(Saved data entries)
▬▬▬

(* Let $T$ be a standard Young tableau of shape $\lambda\vdash k$. Then for $n\ge k$, the number of standard Young tableaux with $n$ cells (of any shape) that contain $T$ as a subtableau, i.e., in which the cells with entries $1,\ldots,k$ form exactly $T$, equals $$\sum_{j=0}^{k}\sum_{\mu\vdash j}f^{\lambda/\mu}\binom{n-k}{k-j}t_{n-2k+j}.$$
   Context: $f^{\lambda/\mu}$ is the number of standard Young tableaux of skew shape $\lambda/\mu$ (zero if $\mu\not\subseteq\lambda$), with $f^{\lambda/\emptyset}=f^\lambda$. $t_m$ denotes the number of involutions in $\mathcal{S}_m$ ($t_0=1$), and terms with $k-j>n-k$ are $0$. *)

theory Defs
  imports "HOL-Combinatorics.Combinatorics"
begin

text \<open>Cells are pairs (row, column), 0-indexed.
  A partition of k corresponds to a Young diagram with k cells.\<close>

definition young :: "(nat \<times> nat) set \<Rightarrow> bool" where
  "young D \<longleftrightarrow> finite D \<and>
     (\<forall>i j i' j'. (i, j) \<in> D \<and> i' \<le> i \<and> j' \<le> j \<longrightarrow> (i', j') \<in> D)"

text \<open>A standard Young tableau of skew shape lam/mu: a bijection from the cells of
  lam - mu onto {1..|lam - mu|}, increasing weakly (hence strictly) along rows and
  columns; the function is 0 outside the cells of the shape.\<close>

definition skew_syt :: "(nat \<times> nat) set \<Rightarrow> (nat \<times> nat) set \<Rightarrow> (nat \<times> nat \<Rightarrow> nat) \<Rightarrow> bool" where
  "skew_syt lam mu T \<longleftrightarrow>
     bij_betw T (lam - mu) {1..card (lam - mu)} \<and>
     (\<forall>c. c \<notin> lam - mu \<longrightarrow> T c = 0) \<and>
     (\<forall>i j i' j'. (i, j) \<in> lam - mu \<and> (i', j') \<in> lam - mu \<and> i \<le> i' \<and> j \<le> j'
        \<longrightarrow> T (i, j) \<le> T (i', j'))"
lemma apolar_midlines_hmeet:
  fixes Q :: "('a::field) quad"
  assumes two: "(2::'a) \<noteq> 0" and Q: "quadrilateral Q"
  shows "apolar Q (\<lambda>d. fst (midlines_hmeet Q d)) = 4 * qdet Q * fst (centroid Q)"
    "apolar Q (\<lambda>d. fst (snd (midlines_hmeet Q d))) = 4 * qdet Q * snd (centroid Q)"
proof -
  obtain A B A' B' where Q_eq: "Q = (A, B, A', B')" by (cases Q) auto
  have "cross A B \<noteq> 0" "cross B A' \<noteq> 0" "cross A' B' \<noteq> 0" "cross B' A \<noteq> 0"
    using Q unfolding Q_eq quadrilateral_def parallel_iff_cross by auto
  moreover have "(4::'a) \<noteq> 0" using two by (metis mult_2_right no_zero_divisors numeral_Bit0)
  ultimately show "apolar Q (\<lambda>d. fst (midlines_hmeet Q d)) = 4 * qdet Q * fst (centroid Q)"
    "apolar Q (\<lambda>d. fst (snd (midlines_hmeet Q d))) = 4 * qdet Q * snd (centroid Q)"
    unfolding Q_eq apolar_midlines_hmeet_expand qdet_quadrilateral centroid_hmeet[OF Q[unfolded Q_eq]]
    by (simp_all add: field_simps)
qed

lemma quad_form_midlines_hmeet:
  "quad_form (\<lambda>d. fst (midlines_hmeet Q d))" "quad_form (\<lambda>d. fst (snd (midlines_hmeet Q d)))"
  "quad_form (\<lambda>d. snd (snd (midlines_hmeet Q d)))"
  by (cases Q; simp add: midlines_hmeet_def hmeet_def cross_def quad_form_mult_diff lin_form_midline)+

lemma midlines_hmeet_weight: "snd (snd (midlines_hmeet Q d)) = 2 * qinner Q d d"
  by (cases Q) (simp add: midlines_hmeet_def hmeet_def cross_def midline_def line_lin_def qinner_def
      qalpha_def qbeta_def qgamma_def algebra_simps)

lemma apolar_midlines_hmeet_weight: "apolar Q (\<lambda>d. snd (snd (midlines_hmeet Q d))) = 4 * qdet Q"
  unfolding midlines_hmeet_weight apolar_def qinner_def qdet_def by (simp add: algebra_simps power2_eq_square)

lemma midlines_hmeet_qrot:
  fixes Q :: "('a::field) quad"
  assumes two: "(2::'a) \<noteq> 0" and Q: "quadrilateral Q" and d: "midlines_hmeet Q d = (x, y, w)"
  shows "midlines_hmeet Q (qrot Q d) =
    (qdet Q * (2 * fst (centroid Q) * w - x), qdet Q * (2 * snd (centroid Q) * w - y), qdet Q * w)"
proof -
  have w: "w = 2 * qinner Q d d" using midlines_hmeet_weight[of Q d] d by simp
  have "fst (midlines_hmeet Q (qrot Q d)) = qdet Q * (2 * fst (centroid Q) * w - x)"
    using quad_form_qrot[OF quad_form_midlines_hmeet(1)[of Q], of Q d] apolar_midlines_hmeet(1)[OF two Q] d w
    by (simp add: algebra_simps)
  moreover have "fst (snd (midlines_hmeet Q (qrot Q d))) = qdet Q * (2 * snd (centroid Q) * w - y)"
    using quad_form_qrot[OF quad_form_midlines_hmeet(2)[of Q], of Q d] apolar_midlines_hmeet(2)[OF two Q] d w
    by (simp add: algebra_simps)
  moreover have "snd (snd (midlines_hmeet Q (qrot Q d))) = qdet Q * w"
    unfolding midlines_hmeet_weight qinner_qrot_self w by simp
  ultimately show ?thesis by (simp add: prod_eq_iff)
qed

lemma centroid_on_midline_isotropic:
  fixes Q :: "('a::field) quad"
  assumes two: "(2::'a) \<noteq> 0" and Q: "quadrilateral Q" and d: "d \<noteq> 0" "qinner Q d d = 0"
    and zero: "midlines_hmeet Q d = (0, 0, 0)"
    and incid: "\<And>v x y w. midlines_hmeet Q v = (x, y, w) \<Longrightarrow>
      tL (midline L1 L2 v) * x - uL (midline L1 L2 v) * y + vL (midline L1 L2 v) * w = 0"
  shows "on_line (centroid Q) (midline L1 L2 d)"
proof -
  define c where "c = centroid Q"
  let ?M = "midline L1 L2"
  let ?W = "\<lambda>v. fst (midlines_hmeet Q v) - fst c * snd (snd (midlines_hmeet Q v))"
  let ?Z = "\<lambda>v. fst (snd (midlines_hmeet Q v)) - snd c * snd (snd (midlines_hmeet Q v))"
  have "2 * line_eval (?M d) c = 0"
  proof (rule isotropic_cubic_root[OF two qdet_nonzero[OF Q] d, where e = "\<lambda>v. 2 * line_eval (?M v) c"
      and X = "\<lambda>v. tL (?M v)" and Y = "\<lambda>v. - uL (?M v)" and W = ?W and Z = ?Z])
    show "lin_form (\<lambda>v. 2 * line_eval (?M v) c)" "lin_form (\<lambda>v. tL (?M v))"
      "lin_form (\<lambda>v. - uL (?M v))"
      using lin_form_scale[OF lin_form_midline(4)] lin_form_midline(1)
        lin_form_scale[OF lin_form_midline(2), of "-1"] by simp_all
    show "quad_form ?W" "quad_form ?Z"
      by (intro quad_form_diff_scale quad_form_midlines_hmeet)+
    show "apolar Q ?W = 0" "apolar Q ?Z = 0"
      unfolding apolar_diff_scale apolar_midlines_hmeet[OF two Q] apolar_midlines_hmeet_weight c_def
      by simp_all
    show "?W d = 0" "?Z d = 0" using zero by simp_all
    \<comment> \<open>Incidence of the intersection of the two midlines with this one, expanded around c.\<close>
    fix v
    obtain x y w where xyw: "midlines_hmeet Q v = (x, y, w)" by (cases "midlines_hmeet Q v") auto
    then have "w = 2 * qinner Q v v" using midlines_hmeet_weight[of Q v] by simp
    then show "qinner Q v v * (2 * line_eval (?M v) c) + tL (?M v) * ?W v + - uL (?M v) * ?Z v = 0"
      using incid[OF xyw] unfolding xyw line_eval_def by (simp add: algebra_simps)
  qed
  then show ?thesis using two by (simp add: on_line_iff_line_eval c_def)
qed

lemma on_midlines_parallel:
  assumes "on_midlines Q d m" "d \<noteq> 0" "det2 d e = 0"
  shows "on_midlines Q e m"
proof -
  obtain A B A' B' where Q_eq: "Q = (A, B, A', B')" by (cases Q) auto
  show ?thesis
    using assms lin_form_det2_zero[OF lin_form_midline(4)[of A A' m], of d e]
      lin_form_det2_zero[OF lin_form_midline(4)[of B B' m], of d e]
    unfolding Q_eq on_midlines_quad on_line_iff_line_eval by simp
qed

lemma line_eval_reflect: "line_eval L (c + c - m) = 2 * line_eval L c - line_eval L m"
  unfolding line_eval_def by (simp add: algebra_simps)

lemma on_midlines_qrot:
  fixes Q :: "('a::field) quad"
  assumes two: "(2::'a) \<noteq> 0" and Q: "quadrilateral Q" and d: "d \<noteq> 0" and m: "on_midlines Q d m"
  shows "on_midlines Q (qrot Q d) (centroid Q + centroid Q - m)"
proof -
  obtain A B A' B' where Q_eq: "Q = (A, B, A', B')" by (cases Q) auto
  let ?c = "centroid Q" and ?w = "2 * qinner Q d d"
  have "on_line m (midline A A' d)" "on_line m (midline B B' d)"
    using m unfolding Q_eq on_midlines_def by auto
  then have hm: "midlines_hmeet Q d = (?w * fst m, ?w * snd m, ?w)"
    using hmeet_common_point[of m "midline A A' d" "midline B B' d"] midlines_hmeet_weight[of Q d]
    unfolding Q_eq midlines_hmeet_def by simp
  show ?thesis
  proof (cases "qinner Q d d = 0")
    case False
    let ?k = "qdet Q * ?w"
    have "?k \<noteq> 0" using two False qdet_nonzero[OF Q] by simp
    moreover have "midlines_hmeet Q (qrot Q d) =
        (?k * fst (?c + ?c - m), ?k * snd (?c + ?c - m), ?k)"
      using midlines_hmeet_qrot[OF two Q hm] by (simp add: algebra_simps)
    ultimately show ?thesis
      using on_line_hmeet unfolding Q_eq on_midlines_quad midlines_hmeet_quad by blast
  next
    case True
    have zero: "midlines_hmeet Q d = (0, 0, 0)" using hm True by simp
    have incid:
      "tL (midline A A' v) * x - uL (midline A A' v) * y + vL (midline A A' v) * w = 0"
      "tL (midline B B' v) * x - uL (midline B B' v) * y + vL (midline B B' v) * w = 0"
      if "midlines_hmeet Q v = (x, y, w)" for v x y w
      using hmeet_incident[of "midline A A' v" "midline B B' v" x y w] that
      unfolding Q_eq midlines_hmeet_quad by simp_all
    have "on_line ?c (midline A A' d)" "on_line ?c (midline B B' d)"
      by (rule centroid_on_midline_isotropic[OF two Q d True zero], erule incid)+
    then have "on_midlines Q d (?c + ?c - m)"
      using m unfolding Q_eq on_midlines_def on_line_iff_line_eval line_eval_reflect by simp
    moreover have "det2 d (qrot Q d) = 0" using True qinner_eq_det2 by metis
    ultimately show ?thesis using on_midlines_parallel d by blast
  qed
qed

section \<open>Q-pairs\<close>

lemma midpt_eq_iff:
  fixes c :: "('a::field) \<times> 'a"
  assumes "(2::'a) \<noteq> 0"
  shows "midpt m p = c \<longleftrightarrow> p = c + c - m"
  using assms unfolding midpt_def by (auto simp: prod_eq_iff field_simps)

lemma q_orthogonal_iff_det2: "q_orthogonal Q l l' \<longleftrightarrow> det2 (line_dir l') (qrot Q (line_dir l)) = 0"
  unfolding q_orthogonal_def qinner_eq_det2 line_dir_def ..

lemma ex1_line_through_direction:
  assumes "v \<noteq> 0"
  shows "\<exists>!l. is_line l \<and> on_line p l \<and> det2 (line_dir l) v = 0"
proof (rule ex_ex1I)
  show "\<exists>l. is_line l \<and> on_line p l \<and> det2 (line_dir l) v = 0"
  proof (cases "fst v = 0")
    case True
    then show ?thesis
      by (intro exI[of _ "(1, 0, - fst p)"]) (simp add: is_line_def on_line_def line_dir_def det2_def)
  next
    case False
    let ?s = "snd v / fst v"
    show ?thesis
      using False
      by (intro exI[of _ "(?s, 1, snd p - ?s * fst p)"])
        (simp add: is_line_def on_line_def line_dir_def det2_def field_simps)
  qed
next
  fix l1 l2
  assume "is_line l1 \<and> on_line p l1 \<and> det2 (line_dir l1) v = 0"
    and "is_line l2 \<and> on_line p l2 \<and> det2 (line_dir l2) v = 0"
  moreover then have "parallel l1 l2"
    using det2_trans[of "line_dir l1" v "line_dir l2"] det2_swap[of "line_dir l2" v] assms
    unfolding parallel_iff_det2 by simp
  ultimately show "l1 = l2" using parallel_common_point_eq by blast
qed

lemma Q_pair_iff:
  fixes Q :: "('a::field) quad"
  assumes two: "(2::'a) \<noteq> 0" and Q: "quadrilateral Q" and b: "bisector Q l"
    and m: "bis_mid Q l = Fin m" and l': "is_line l'"
  shows "bisector Q l' \<and> Q_pair Q l l' \<longleftrightarrow>
    on_line (centroid Q + centroid Q - m) l' \<and> det2 (line_dir l') (qrot Q (line_dir l)) = 0"
proof -
  let ?d = "line_dir l" and ?m' = "centroid Q + centroid Q - m"
  have l: "is_line l" using b unfolding bisector_def by simp
  have "on_midlines Q ?d m" using bisector_midpoint_iff[OF two Q l] b m by blast
  then have orth: "on_midlines Q (qrot Q ?d) ?m'"
    using on_midlines_qrot[OF two Q line_dir_nonzero[OF l]] by blast
  have r: "qrot Q ?d \<noteq> 0" using qrot_nonzero[OF qdet_nonzero[OF Q] line_dir_nonzero[OF l]] .
  have "on_midlines Q (line_dir l') ?m'" if "det2 (line_dir l') (qrot Q ?d) = 0"
    using on_midlines_parallel[OF orth r] det2_swap[of "line_dir l'" "qrot Q ?d"] that by simp
  moreover have "bisector Q l' \<and> Q_pair Q l l' \<longleftrightarrow>
      bisector Q l' \<and> bis_mid Q l' = Fin ?m' \<and> det2 (line_dir l') (qrot Q ?d) = 0"
    using b m unfolding Q_pair_def q_orthogonal_iff_det2
    by (simp add: midpt_eq_iff[OF two] del: split_paired_Ex)
  ultimately show ?thesis
    using bisector_midpoint_iff[OF two Q l'] by blast
qed

theorem corollary6p7:
  fixes Q :: "('a::field) quad" and l :: "'a line"
  assumes "(2::'a) \<noteq> 0"
    and "quadrilateral Q"
    and "bisector Q l"
  shows "\<exists>!l'. is_line l' \<and> bisector Q l' \<and> Q_pair Q l l'"
proof -
  have l: "is_line l" using assms(3) unfolding bisector_def by simp
  obtain m where m: "bis_mid Q l = Fin m" using bisector_midpoint_exists assms(2,3) by blast
  have "qrot Q (line_dir l) \<noteq> 0"
    using qrot_nonzero[OF qdet_nonzero[OF assms(2)] line_dir_nonzero[OF l]] .
  moreover have "is_line l' \<and> bisector Q l' \<and> Q_pair Q l l' \<longleftrightarrow>
      is_line l' \<and> on_line (centroid Q + centroid Q - m) l' \<and> det2 (line_dir l') (qrot Q (line_dir l)) = 0"
    for l'
    using Q_pair_iff[OF assms m, of l'] by blast
  ultimately show ?thesis
    using ex1_line_through_direction[of "qrot Q (line_dir l)" "centroid Q + centroid Q - m"] by simp
qed

end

▬▬▬

The task — In the entries above, take the line containing "obtain m where" and each later line through the last, and repeat them exactly. Output nothing else.

Response for this exercise —
  obtain m where m: "bis_mid Q l = Fin m" using bisector_midpoint_exists assms(2,3) by blast
  have "qrot Q (line_dir l) \<noteq> 0"
    using qrot_nonzero[OF qdet_nonzero[OF assms(2)] line_dir_nonzero[OF l]] .
  moreover have "is_line l' \<and> bisector Q l' \<and> Q_pair Q l l' \<longleftrightarrow>
      is_line l' \<and> on_line (centroid Q + centroid Q - m) l' \<and> det2 (line_dir l') (qrot Q (line_dir l)) = 0"
    for l'
    using Q_pair_iff[OF assms m, of l'] by blast
  ultimately show ?thesis
    using ex1_line_through_direction[of "qrot Q (line_dir l)" "centroid Q + centroid Q - m"] by simp
qed

end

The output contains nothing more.